▸ **GIVEN ENTRIES**
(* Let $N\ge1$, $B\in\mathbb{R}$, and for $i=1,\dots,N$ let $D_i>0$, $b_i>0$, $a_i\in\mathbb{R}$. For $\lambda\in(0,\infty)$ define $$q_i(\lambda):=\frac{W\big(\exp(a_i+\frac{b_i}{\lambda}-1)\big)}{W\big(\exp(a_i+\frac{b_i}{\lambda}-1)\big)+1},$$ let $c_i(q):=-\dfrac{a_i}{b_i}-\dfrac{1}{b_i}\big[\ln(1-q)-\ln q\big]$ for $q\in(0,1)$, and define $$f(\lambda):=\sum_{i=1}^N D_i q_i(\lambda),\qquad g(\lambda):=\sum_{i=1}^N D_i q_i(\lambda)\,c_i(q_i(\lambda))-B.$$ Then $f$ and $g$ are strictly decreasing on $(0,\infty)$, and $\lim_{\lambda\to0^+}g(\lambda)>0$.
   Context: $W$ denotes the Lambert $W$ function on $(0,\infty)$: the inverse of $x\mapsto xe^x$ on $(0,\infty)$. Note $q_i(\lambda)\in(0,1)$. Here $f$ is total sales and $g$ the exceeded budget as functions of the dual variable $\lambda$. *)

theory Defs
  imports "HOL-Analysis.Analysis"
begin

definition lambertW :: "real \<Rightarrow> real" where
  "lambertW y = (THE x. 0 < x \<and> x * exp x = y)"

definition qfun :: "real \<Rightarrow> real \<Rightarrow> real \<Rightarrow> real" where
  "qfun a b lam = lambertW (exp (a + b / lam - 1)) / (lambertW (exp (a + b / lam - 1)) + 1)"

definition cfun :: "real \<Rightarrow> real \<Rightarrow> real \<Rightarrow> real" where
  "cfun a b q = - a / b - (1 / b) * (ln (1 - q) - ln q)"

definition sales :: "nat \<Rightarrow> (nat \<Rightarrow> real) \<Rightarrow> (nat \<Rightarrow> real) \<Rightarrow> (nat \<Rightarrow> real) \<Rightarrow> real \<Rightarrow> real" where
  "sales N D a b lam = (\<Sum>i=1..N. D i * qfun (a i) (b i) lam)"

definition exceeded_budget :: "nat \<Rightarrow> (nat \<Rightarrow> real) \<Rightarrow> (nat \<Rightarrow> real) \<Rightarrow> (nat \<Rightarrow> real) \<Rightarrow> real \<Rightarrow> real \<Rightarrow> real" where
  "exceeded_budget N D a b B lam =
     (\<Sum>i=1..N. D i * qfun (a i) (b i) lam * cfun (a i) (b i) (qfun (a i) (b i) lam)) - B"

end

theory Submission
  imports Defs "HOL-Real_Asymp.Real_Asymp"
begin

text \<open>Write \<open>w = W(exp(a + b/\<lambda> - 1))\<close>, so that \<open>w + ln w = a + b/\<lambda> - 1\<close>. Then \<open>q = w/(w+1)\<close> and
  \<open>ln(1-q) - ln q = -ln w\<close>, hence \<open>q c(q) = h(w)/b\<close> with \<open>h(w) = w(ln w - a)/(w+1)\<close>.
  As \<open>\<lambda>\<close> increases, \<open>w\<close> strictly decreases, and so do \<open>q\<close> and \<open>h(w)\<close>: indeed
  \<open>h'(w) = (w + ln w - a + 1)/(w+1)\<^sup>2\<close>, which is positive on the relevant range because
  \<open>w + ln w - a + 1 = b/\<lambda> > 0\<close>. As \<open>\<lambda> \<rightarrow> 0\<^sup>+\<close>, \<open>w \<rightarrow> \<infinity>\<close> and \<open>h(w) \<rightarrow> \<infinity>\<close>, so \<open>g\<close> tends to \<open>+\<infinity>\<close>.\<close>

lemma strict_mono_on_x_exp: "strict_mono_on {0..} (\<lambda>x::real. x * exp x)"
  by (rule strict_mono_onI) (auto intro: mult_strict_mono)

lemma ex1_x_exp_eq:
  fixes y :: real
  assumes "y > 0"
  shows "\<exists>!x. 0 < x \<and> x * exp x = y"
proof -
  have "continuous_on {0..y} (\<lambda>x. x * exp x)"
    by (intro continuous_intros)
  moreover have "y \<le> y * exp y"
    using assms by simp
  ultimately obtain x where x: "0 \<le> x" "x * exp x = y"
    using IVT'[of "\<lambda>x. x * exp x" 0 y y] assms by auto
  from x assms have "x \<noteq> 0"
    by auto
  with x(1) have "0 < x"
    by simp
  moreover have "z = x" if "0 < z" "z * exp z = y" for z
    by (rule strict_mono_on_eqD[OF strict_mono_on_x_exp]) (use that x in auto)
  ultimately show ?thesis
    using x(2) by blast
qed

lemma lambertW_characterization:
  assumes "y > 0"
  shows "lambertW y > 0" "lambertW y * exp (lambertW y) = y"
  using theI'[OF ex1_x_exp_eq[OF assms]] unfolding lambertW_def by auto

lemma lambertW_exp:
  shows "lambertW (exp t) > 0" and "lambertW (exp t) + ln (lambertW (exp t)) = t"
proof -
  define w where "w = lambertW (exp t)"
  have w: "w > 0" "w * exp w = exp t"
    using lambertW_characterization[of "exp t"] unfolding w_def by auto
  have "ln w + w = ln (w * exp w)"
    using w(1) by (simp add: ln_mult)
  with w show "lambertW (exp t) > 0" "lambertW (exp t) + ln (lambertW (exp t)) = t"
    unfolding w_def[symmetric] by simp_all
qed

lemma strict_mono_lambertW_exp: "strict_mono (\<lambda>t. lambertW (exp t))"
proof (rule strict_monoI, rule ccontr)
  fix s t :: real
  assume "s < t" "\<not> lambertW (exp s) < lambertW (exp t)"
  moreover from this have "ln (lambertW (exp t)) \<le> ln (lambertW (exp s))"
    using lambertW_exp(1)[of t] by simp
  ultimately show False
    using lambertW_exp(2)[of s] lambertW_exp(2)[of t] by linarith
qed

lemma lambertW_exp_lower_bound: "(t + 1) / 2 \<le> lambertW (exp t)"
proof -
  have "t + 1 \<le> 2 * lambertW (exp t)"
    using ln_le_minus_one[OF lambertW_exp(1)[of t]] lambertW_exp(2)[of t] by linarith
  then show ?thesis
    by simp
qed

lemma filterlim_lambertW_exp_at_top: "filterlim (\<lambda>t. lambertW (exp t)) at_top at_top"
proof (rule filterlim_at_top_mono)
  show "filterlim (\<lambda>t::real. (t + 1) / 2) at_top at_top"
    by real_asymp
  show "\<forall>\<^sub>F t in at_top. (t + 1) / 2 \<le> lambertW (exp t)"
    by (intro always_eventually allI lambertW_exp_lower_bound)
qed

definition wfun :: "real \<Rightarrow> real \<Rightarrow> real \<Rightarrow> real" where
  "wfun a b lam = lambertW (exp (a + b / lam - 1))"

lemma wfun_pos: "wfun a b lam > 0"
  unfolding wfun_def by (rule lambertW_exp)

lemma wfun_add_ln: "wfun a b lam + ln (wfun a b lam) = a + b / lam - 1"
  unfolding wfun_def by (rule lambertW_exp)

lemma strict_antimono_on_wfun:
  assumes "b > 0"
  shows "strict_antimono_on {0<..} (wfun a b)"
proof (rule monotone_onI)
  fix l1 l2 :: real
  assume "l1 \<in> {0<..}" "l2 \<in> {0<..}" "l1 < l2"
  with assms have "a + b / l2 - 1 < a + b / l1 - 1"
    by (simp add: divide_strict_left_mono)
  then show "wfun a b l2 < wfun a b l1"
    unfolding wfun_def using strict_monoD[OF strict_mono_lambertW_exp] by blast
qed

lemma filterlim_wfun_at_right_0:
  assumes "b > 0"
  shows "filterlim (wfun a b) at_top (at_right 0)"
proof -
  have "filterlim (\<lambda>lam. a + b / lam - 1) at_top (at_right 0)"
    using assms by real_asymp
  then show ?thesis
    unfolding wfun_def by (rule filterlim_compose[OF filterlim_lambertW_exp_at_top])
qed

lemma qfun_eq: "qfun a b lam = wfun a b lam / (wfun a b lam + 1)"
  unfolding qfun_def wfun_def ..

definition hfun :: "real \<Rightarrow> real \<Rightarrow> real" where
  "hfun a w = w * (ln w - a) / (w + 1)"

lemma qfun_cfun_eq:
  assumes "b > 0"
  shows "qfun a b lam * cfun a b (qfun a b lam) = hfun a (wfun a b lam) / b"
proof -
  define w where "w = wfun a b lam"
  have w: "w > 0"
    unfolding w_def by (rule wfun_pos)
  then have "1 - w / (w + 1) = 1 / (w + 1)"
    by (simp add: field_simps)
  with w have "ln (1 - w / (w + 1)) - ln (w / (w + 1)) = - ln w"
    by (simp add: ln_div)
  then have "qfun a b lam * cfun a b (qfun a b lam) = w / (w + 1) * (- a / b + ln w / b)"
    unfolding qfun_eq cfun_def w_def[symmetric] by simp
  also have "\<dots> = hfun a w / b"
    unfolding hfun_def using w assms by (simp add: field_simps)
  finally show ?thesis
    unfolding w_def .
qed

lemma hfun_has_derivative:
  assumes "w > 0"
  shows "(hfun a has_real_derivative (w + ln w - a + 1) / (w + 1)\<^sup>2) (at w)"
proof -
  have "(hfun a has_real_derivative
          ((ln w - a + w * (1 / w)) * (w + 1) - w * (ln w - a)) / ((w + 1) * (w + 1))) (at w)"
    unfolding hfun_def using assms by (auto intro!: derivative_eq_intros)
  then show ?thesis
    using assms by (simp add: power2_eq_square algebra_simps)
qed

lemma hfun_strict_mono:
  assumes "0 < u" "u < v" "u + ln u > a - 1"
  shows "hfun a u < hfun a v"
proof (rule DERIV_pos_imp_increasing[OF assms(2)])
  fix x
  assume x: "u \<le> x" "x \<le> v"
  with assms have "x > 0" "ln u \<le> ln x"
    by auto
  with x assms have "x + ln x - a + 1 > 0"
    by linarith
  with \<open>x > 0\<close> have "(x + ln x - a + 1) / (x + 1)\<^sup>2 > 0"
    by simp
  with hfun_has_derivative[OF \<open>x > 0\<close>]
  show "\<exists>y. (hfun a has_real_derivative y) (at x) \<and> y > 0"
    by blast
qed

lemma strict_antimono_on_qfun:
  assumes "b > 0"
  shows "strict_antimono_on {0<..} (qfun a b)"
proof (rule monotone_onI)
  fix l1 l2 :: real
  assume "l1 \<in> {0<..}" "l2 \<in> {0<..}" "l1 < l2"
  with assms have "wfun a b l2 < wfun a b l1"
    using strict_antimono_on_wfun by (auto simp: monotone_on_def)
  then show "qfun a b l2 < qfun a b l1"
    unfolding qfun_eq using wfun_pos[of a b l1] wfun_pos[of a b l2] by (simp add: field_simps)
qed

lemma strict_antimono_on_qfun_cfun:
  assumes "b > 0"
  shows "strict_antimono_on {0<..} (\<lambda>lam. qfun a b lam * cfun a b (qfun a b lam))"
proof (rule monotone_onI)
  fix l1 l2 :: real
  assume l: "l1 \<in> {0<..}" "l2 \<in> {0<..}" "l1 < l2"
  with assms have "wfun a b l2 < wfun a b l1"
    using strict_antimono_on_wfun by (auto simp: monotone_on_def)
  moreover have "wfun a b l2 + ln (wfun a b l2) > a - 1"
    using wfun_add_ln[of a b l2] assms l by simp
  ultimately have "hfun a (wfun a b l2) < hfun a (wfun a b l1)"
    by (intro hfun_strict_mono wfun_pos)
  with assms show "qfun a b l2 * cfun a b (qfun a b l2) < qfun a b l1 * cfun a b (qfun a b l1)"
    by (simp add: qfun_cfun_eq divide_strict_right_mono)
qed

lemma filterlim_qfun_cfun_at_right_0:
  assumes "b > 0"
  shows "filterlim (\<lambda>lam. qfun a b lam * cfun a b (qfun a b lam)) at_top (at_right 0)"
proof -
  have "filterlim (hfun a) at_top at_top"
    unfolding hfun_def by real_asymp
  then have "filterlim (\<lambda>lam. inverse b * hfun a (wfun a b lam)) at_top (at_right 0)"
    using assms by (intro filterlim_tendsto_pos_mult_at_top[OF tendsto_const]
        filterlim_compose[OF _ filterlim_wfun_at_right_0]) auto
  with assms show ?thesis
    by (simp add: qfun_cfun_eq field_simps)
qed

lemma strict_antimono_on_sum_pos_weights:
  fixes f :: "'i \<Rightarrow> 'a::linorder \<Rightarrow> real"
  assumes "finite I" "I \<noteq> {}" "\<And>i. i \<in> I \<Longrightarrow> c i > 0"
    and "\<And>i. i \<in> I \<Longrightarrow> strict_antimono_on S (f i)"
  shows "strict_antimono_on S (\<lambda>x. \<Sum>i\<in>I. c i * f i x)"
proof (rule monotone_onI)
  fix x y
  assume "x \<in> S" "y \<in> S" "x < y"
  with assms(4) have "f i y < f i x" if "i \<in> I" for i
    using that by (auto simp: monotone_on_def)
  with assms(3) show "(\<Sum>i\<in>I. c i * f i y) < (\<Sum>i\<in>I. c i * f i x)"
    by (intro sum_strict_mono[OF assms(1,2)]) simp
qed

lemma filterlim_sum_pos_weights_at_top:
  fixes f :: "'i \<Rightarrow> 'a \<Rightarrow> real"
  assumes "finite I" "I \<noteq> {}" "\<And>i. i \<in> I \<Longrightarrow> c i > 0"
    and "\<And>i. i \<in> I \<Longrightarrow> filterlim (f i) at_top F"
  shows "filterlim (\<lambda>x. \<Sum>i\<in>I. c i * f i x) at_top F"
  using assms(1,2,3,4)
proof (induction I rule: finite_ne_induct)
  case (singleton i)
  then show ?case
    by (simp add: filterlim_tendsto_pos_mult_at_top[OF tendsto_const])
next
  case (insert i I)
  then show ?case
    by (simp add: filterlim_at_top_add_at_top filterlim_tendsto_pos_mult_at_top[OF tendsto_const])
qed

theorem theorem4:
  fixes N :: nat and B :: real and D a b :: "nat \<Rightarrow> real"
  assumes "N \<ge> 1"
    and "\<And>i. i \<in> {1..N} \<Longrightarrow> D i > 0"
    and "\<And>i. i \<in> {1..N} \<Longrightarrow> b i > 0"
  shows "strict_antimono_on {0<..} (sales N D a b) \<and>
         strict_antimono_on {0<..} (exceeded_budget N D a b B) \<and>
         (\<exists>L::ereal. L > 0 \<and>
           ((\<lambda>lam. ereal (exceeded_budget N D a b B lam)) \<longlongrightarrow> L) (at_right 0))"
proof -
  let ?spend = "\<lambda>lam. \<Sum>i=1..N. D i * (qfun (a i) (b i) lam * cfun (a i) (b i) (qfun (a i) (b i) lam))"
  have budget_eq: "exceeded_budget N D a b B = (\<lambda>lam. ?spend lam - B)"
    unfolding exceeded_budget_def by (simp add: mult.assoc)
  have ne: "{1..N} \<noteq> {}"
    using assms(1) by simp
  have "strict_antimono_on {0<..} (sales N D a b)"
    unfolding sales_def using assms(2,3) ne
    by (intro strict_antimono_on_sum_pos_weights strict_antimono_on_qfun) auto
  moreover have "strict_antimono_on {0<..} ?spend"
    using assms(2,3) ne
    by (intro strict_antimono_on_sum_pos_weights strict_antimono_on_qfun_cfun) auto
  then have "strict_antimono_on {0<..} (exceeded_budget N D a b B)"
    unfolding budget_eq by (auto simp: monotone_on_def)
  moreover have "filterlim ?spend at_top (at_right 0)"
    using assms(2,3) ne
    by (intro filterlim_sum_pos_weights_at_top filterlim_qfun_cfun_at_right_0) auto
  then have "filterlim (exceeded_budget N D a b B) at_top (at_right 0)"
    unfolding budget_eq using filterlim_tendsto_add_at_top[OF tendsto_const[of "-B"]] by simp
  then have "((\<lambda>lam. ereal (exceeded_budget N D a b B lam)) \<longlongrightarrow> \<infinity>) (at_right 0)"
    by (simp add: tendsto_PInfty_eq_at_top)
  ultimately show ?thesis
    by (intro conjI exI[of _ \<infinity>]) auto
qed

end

▸ **WORK ITEM**
Everything above from the line containing "(\<lambda>x::real. x *" through the line containing "fix s t :: real" must be copied exactly. Nothing outside that range belongs in the answer.

▸ **RESULT OF THIS EXERCISE**
lemma strict_mono_on_x_exp: "strict_mono_on {0..} (\<lambda>x::real. x * exp x)"
  by (rule strict_mono_onI) (auto intro: mult_strict_mono)

lemma ex1_x_exp_eq:
  fixes y :: real
  assumes "y > 0"
  shows "\<exists>!x. 0 < x \<and> x * exp x = y"
proof -
  have "continuous_on {0..y} (\<lambda>x. x * exp x)"
    by (intro continuous_intros)
  moreover have "y \<le> y * exp y"
    using assms by simp
  ultimately obtain x where x: "0 \<le> x" "x * exp x = y"
    using IVT'[of "\<lambda>x. x * exp x" 0 y y] assms by auto
  from x assms have "x \<noteq> 0"
    by auto
  with x(1) have "0 < x"
    by simp
  moreover have "z = x" if "0 < z" "z * exp z = y" for z
    by (rule strict_mono_on_eqD[OF strict_mono_on_x_exp]) (use that x in auto)
  ultimately show ?thesis
    using x(2) by blast
qed

lemma lambertW_characterization:
  assumes "y > 0"
  shows "lambertW y > 0" "lambertW y * exp (lambertW y) = y"
  using theI'[OF ex1_x_exp_eq[OF assms]] unfolding lambertW_def by auto

lemma lambertW_exp:
  shows "lambertW (exp t) > 0" and "lambertW (exp t) + ln (lambertW (exp t)) = t"
proof -
  define w where "w = lambertW (exp t)"
  have w: "w > 0" "w * exp w = exp t"
    using lambertW_characterization[of "exp t"] unfolding w_def by auto
  have "ln w + w = ln (w * exp w)"
    using w(1) by (simp add: ln_mult)
  with w show "lambertW (exp t) > 0" "lambertW (exp t) + ln (lambertW (exp t)) = t"
    unfolding w_def[symmetric] by simp_all
qed

lemma strict_mono_lambertW_exp: "strict_mono (\<lambda>t. lambertW (exp t))"
proof (rule strict_monoI, rule ccontr)
  fix s t :: real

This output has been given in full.